-------- Provided data

(* The set $\mathscr U_k:=\{\underline A\in\mathcal C_k(d):\Theta_k(\underline A)>0\}$ is open and dense in $\mathcal C_k(d)$, where $\Theta_k(\underline A):=\min\{\|\wedge_k(A_aA_b)\|:1\le a,b\le m\}$ for $\underline A=(A_1,\dots,A_m)$.
   Context: Fix integers $m,d\ge1$ and $1\le k\le d$. $\mathcal C_k(d)$ is the set of tuples $\underline A=(A_1,\dots,A_m)\in{\rm Mat}(d,\mathbb R)^m$ with $\mathrm{rank}(A_j)=k$ for all $j$, with the subspace topology from ${\rm Mat}(d,\mathbb R)^m\cong\mathbb R^{md^2}$. $\wedge_kA$ is the $k$-th exterior power of a matrix $A$ (the matrix of its $k\times k$ minors). *)

theory Defs
  imports "HOL-Analysis.Analysis"
begin

text \<open>Square d x d real matrices are \<open>real^'n^'n\<close> with \<open>d = CARD('n)\<close>; the index type is
  linearly ordered so that k x k minors have a well-defined sign.  An m-tuple of matrices
  is an element of \<open>(real^'n^'n)^'m\<close> with \<open>m = CARD('m)\<close>.\<close>

definition minor :: "nat \<Rightarrow> real^('n::{finite,linorder})^('n::{finite,linorder}) \<Rightarrow> ('n::{finite,linorder}) set \<Rightarrow> ('n::{finite,linorder}) set \<Rightarrow> real" where
  "minor k A I J =
     (let rs = sorted_list_of_set I; cs = sorted_list_of_set J in
      \<Sum>p\<in>{p. p permutes {0..<k}}. of_int (sign p) * (\<Prod>i<k. A $ (rs ! i) $ (cs ! p i)))"

text \<open>The k-th exterior power (compound matrix) of A, indexed by the k-subsets of the index set.\<close>
definition wedge :: "nat \<Rightarrow> real^('n::{finite,linorder})^('n::{finite,linorder}) \<Rightarrow> ('n::{finite,linorder}) set \<Rightarrow> ('n::{finite,linorder}) set \<Rightarrow> real" where
  "wedge k A I J = (if card I = k \<and> card J = k then minor k A I J else 0)"

definition wedge_norm :: "nat \<Rightarrow> real^('n::{finite,linorder})^('n::{finite,linorder}) \<Rightarrow> real" where
  "wedge_norm k (A :: real^('n::{finite,linorder})^('n::{finite,linorder})) =
     sqrt (\<Sum>I\<in>{I::'n set. card I = k}. \<Sum>J\<in>{J::'n set. card J = k}. (wedge k A I J)\<^sup>2)"

definition Theta :: "nat \<Rightarrow> (real^('n::{finite,linorder})^('n::{finite,linorder}))^('m::finite) \<Rightarrow> real" where
  "Theta k A = Min {wedge_norm k (A $ a ** A $ b) | a b. True}"

definition Ck :: "nat \<Rightarrow> ((real^('n::{finite,linorder})^('n::{finite,linorder}))^('m::finite)) set" where
  "Ck k = {A. \<forall>j. rank (A $ j) = k}"

definition Uk :: "nat \<Rightarrow> ((real^('n::{finite,linorder})^('n::{finite,linorder}))^('m::finite)) set" where
  "Uk k = {A \<in> Ck k. Theta k A > 0}"

end

(* Openness: Theta_k(A) > 0 says that each product A_a A_b has a nonzero k x k minor, and the
   minors depend continuously on A.

   Density: given A in C_k(d), pick for each pair (a, b) a matrix X_ab with
   rank (A_a X_ab A_b) = k (X_ab maps the column space of A_b isomorphically onto the row space
   of A_a), resp. rank (X A_a X A_a) = k when a = b.  Lagrange interpolation yields a polynomial
   curve t -> Q(t) of m-tuples of matrices with Q(t_0) = (I, ..., I) and, at a node t_ab,
   Q(t_ab)_b = X_ab and Q(t_ab)_j = I for j <> b.  Along B(t) = (Q(t)_j A_j)_j the functions
   det Q(t)_j and a suitable k x k minor of B(t)_a B(t)_b are polynomials in t that do not
   vanish identically.  Hence B(t) lies in U_k for all but finitely many t, while B(t_0) = A. *)

theory Submission
  imports Defs "Jordan_Normal_Form.Determinant"
begin

no_notation Matrix.vec_index (infixl "$" 100)
no_notation Matrix.scalar_prod (infix "\<bullet>" 70)
hide_const (open) Matrix.row Matrix.rows Matrix.mat Determinant.det

lemma polynomial_function_vec_iff:
  fixes f :: "'a::real_normed_vector \<Rightarrow> 'b::euclidean_space^'n"
  shows "polynomial_function f \<longleftrightarrow> (\<forall>i. polynomial_function (\<lambda>x. f x $ i))"
proof
  assume "polynomial_function f"
  then show "\<forall>i. polynomial_function (\<lambda>x. f x $ i)"
    using polynomial_function_compose[OF _ polynomial_function_bounded_linear[OF bounded_linear_vec_nth]]
    by (auto simp: o_def)
next
  assume "\<forall>i. polynomial_function (\<lambda>x. f x $ i)"
  then show "polynomial_function f"
    by (auto simp: polynomial_function_iff_Basis_inner Basis_vec_def inner_axis)
qed

lemma polynomial_function_matrix_iff:
  fixes P :: "'a::real_normed_vector \<Rightarrow> real^'n^'m"
  shows "polynomial_function P \<longleftrightarrow> (\<forall>i j. real_polynomial_function (\<lambda>x. P x $ i $ j))"
  by (simp add: polynomial_function_vec_iff real_polynomial_function_eq)

lemma polynomial_function_matrix_mult:
  fixes P :: "'a::real_normed_vector \<Rightarrow> real^'n^'m" and Q :: "'a \<Rightarrow> real^'p^'n"
  assumes "polynomial_function P" "polynomial_function Q"
  shows "polynomial_function (\<lambda>x. P x ** Q x)"
  using assms unfolding polynomial_function_matrix_iff matrix_matrix_mult_def vec_lambda_beta
  by (intro allI real_polynomial_function_sum real_polynomial_function.intros(4)) auto

lemma polynomial_function_left_mult_tuple:
  fixes Q :: "'a::real_normed_vector \<Rightarrow> (real^'n^'p)^'m" and A :: "(real^'q^'n)^'m"
  assumes "polynomial_function Q"
  shows "polynomial_function (\<lambda>x. \<chi> j. Q x $ j ** A $ j)"
proof -
  have "polynomial_function (\<lambda>x. Q x $ j)" for j
    using assms polynomial_function_vec_iff by blast
  then show ?thesis
    by (subst polynomial_function_vec_iff) (simp add: polynomial_function_matrix_mult)
qed

lemma real_polynomial_function_det:
  fixes P :: "'a::real_normed_vector \<Rightarrow> real^'n^'n"
  assumes "polynomial_function P"
  shows "real_polynomial_function (\<lambda>x. det (P x))"
  using assms unfolding polynomial_function_matrix_iff Determinants.det_def
  by (intro real_polynomial_function_sum real_polynomial_function_prod real_polynomial_function.intros(2,4))
    (auto simp: finite_permutations)

lemma real_polynomial_function_minor:
  fixes P :: "'a::real_normed_vector \<Rightarrow> real^('n::{finite,linorder})^('n::{finite,linorder})"
  assumes "polynomial_function P"
  shows "real_polynomial_function (\<lambda>x. minor k (P x) I J)"
  using assms unfolding polynomial_function_matrix_iff minor_def Let_def
  by (intro real_polynomial_function_sum real_polynomial_function_prod real_polynomial_function.intros(2,4))
    (auto simp: finite_permutations)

----------------

** Problem **
Retype all the data, changing nothing.

** Reply **
(* The set $\mathscr U_k:=\{\underline A\in\mathcal C_k(d):\Theta_k(\underline A)>0\}$ is open and dense in $\mathcal C_k(d)$, where $\Theta_k(\underline A):=\min\{\|\wedge_k(A_aA_b)\|:1\le a,b\le m\}$ for $\underline A=(A_1,\dots,A_m)$.
   Context: Fix integers $m,d\ge1$ and $1\le k\le d$. $\mathcal C_k(d)$ is the set of tuples $\underline A=(A_1,\dots,A_m)\in{\rm Mat}(d,\mathbb R)^m$ with $\mathrm{rank}(A_j)=k$ for all $j$, with the subspace topology from ${\rm Mat}(d,\mathbb R)^m\cong\mathbb R^{md^2}$. $\wedge_kA$ is the $k$-th exterior power of a matrix $A$ (the matrix of its $k\times k$ minors). *)

theory Defs
  imports "HOL-Analysis.Analysis"
begin

text \<open>Square d x d real matrices are \<open>real^'n^'n\<close> with \<open>d = CARD('n)\<close>; the index type is
  linearly ordered so that k x k minors have a well-defined sign.  An m-tuple of matrices
  is an element of \<open>(real^'n^'n)^'m\<close> with \<open>m = CARD('m)\<close>.\<close>

definition minor :: "nat \<Rightarrow> real^('n::{finite,linorder})^('n::{finite,linorder}) \<Rightarrow> ('n::{finite,linorder}) set \<Rightarrow> ('n::{finite,linorder}) set \<Rightarrow> real" where
  "minor k A I J =
     (let rs = sorted_list_of_set I; cs = sorted_list_of_set J in
      \<Sum>p\<in>{p. p permutes {0..<k}}. of_int (sign p) * (\<Prod>i<k. A $ (rs ! i) $ (cs ! p i)))"

text \<open>The k-th exterior power (compound matrix) of A, indexed by the k-subsets of the index set.\<close>
definition wedge :: "nat \<Rightarrow> real^('n::{finite,linorder})^('n::{finite,linorder}) \<Rightarrow> ('n::{finite,linorder}) set \<Rightarrow> ('n::{finite,linorder}) set \<Rightarrow> real" where
  "wedge k A I J = (if card I = k \<and> card J = k then minor k A I J else 0)"

definition wedge_norm :: "nat \<Rightarrow> real^('n::{finite,linorder})^('n::{finite,linorder}) \<Rightarrow> real" where
  "wedge_norm k (A :: real^('n::{finite,linorder})^('n::{finite,linorder})) =
     sqrt (\<Sum>I\<in>{I::'n set. card I = k}. \<Sum>J\<in>{J::'n set. card J = k}. (wedge k A I J)\<^sup>2)"

definition Theta :: "nat \<Rightarrow> (real^('n::{finite,linorder})^('n::{finite,linorder}))^('m::finite) \<Rightarrow> real" where
  "Theta k A = Min {wedge_norm k (A $ a ** A $ b) | a b. True}"

definition Ck :: "nat \<Rightarrow> ((real^('n::{finite,linorder})^('n::{finite,linorder}))^('m::finite)) set" where
  "Ck k = {A. \<forall>j. rank (A $ j) = k}"

definition Uk :: "nat \<Rightarrow> ((real^('n::{finite,linorder})^('n::{finite,linorder}))^('m::finite)) set" where
  "Uk k = {A \<in> Ck k. Theta k A > 0}"

end

(* Openness: Theta_k(A) > 0 says that each product A_a A_b has a nonzero k x k minor, and the
   minors depend continuously on A.

   Density: given A in C_k(d), pick for each pair (a, b) a matrix X_ab with
   rank (A_a X_ab A_b) = k (X_ab maps the column space of A_b isomorphically onto the row space
   of A_a), resp. rank (X A_a X A_a) = k when a = b.  Lagrange interpolation yields a polynomial
   curve t -> Q(t) of m-tuples of matrices with Q(t_0) = (I, ..., I) and, at a node t_ab,
   Q(t_ab)_b = X_ab and Q(t_ab)_j = I for j <> b.  Along B(t) = (Q(t)_j A_j)_j the functions
   det Q(t)_j and a suitable k x k minor of B(t)_a B(t)_b are polynomials in t that do not
   vanish identically.  Hence B(t) lies in U_k for all but finitely many t, while B(t_0) = A. *)

theory Submission
  imports Defs "Jordan_Normal_Form.Determinant"
begin

no_notation Matrix.vec_index (infixl "$" 100)
no_notation Matrix.scalar_prod (infix "\<bullet>" 70)
hide_const (open) Matrix.row Matrix.rows Matrix.mat Determinant.det

lemma polynomial_function_vec_iff:
  fixes f :: "'a::real_normed_vector \<Rightarrow> 'b::euclidean_space^'n"
  shows "polynomial_function f \<longleftrightarrow> (\<forall>i. polynomial_function (\<lambda>x. f x $ i))"
proof
  assume "polynomial_function f"
  then show "\<forall>i. polynomial_function (\<lambda>x. f x $ i)"
    using polynomial_function_compose[OF _ polynomial_function_bounded_linear[OF bounded_linear_vec_nth]]
    by (auto simp: o_def)
next
  assume "\<forall>i. polynomial_function (\<lambda>x. f x $ i)"
  then show "polynomial_function f"
    by (auto simp: polynomial_function_iff_Basis_inner Basis_vec_def inner_axis)
qed

lemma polynomial_function_matrix_iff:
  fixes P :: "'a::real_normed_vector \<Rightarrow> real^'n^'m"
  shows "polynomial_function P \<longleftrightarrow> (\<forall>i j. real_polynomial_function (\<lambda>x. P x $ i $ j))"
  by (simp add: polynomial_function_vec_iff real_polynomial_function_eq)

lemma polynomial_function_matrix_mult:
  fixes P :: "'a::real_normed_vector \<Rightarrow> real^'n^'m" and Q :: "'a \<Rightarrow> real^'p^'n"
  assumes "polynomial_function P" "polynomial_function Q"
  shows "polynomial_function (\<lambda>x. P x ** Q x)"
  using assms unfolding polynomial_function_matrix_iff matrix_matrix_mult_def vec_lambda_beta
  by (intro allI real_polynomial_function_sum real_polynomial_function.intros(4)) auto

lemma polynomial_function_left_mult_tuple:
  fixes Q :: "'a::real_normed_vector \<Rightarrow> (real^'n^'p)^'m" and A :: "(real^'q^'n)^'m"
  assumes "polynomial_function Q"
  shows "polynomial_function (\<lambda>x. \<chi> j. Q x $ j ** A $ j)"
proof -
  have "polynomial_function (\<lambda>x. Q x $ j)" for j
    using assms polynomial_function_vec_iff by blast
  then show ?thesis
    by (subst polynomial_function_vec_iff) (simp add: polynomial_function_matrix_mult)
qed

lemma real_polynomial_function_det:
  fixes P :: "'a::real_normed_vector \<Rightarrow> real^'n^'n"
  assumes "polynomial_function P"
  shows "real_polynomial_function (\<lambda>x. det (P x))"
  using assms unfolding polynomial_function_matrix_iff Determinants.det_def
  by (intro real_polynomial_function_sum real_polynomial_function_prod real_polynomial_function.intros(2,4))
    (auto simp: finite_permutations)

lemma real_polynomial_function_minor:
  fixes P :: "'a::real_normed_vector \<Rightarrow> real^('n::{finite,linorder})^('n::{finite,linorder})"
  assumes "polynomial_function P"
  shows "real_polynomial_function (\<lambda>x. minor k (P x) I J)"
  using assms unfolding polynomial_function_matrix_iff minor_def Let_def
  by (intro real_polynomial_function_sum real_polynomial_function_prod real_polynomial_function.intros(2,4))
    (auto simp: finite_permutations)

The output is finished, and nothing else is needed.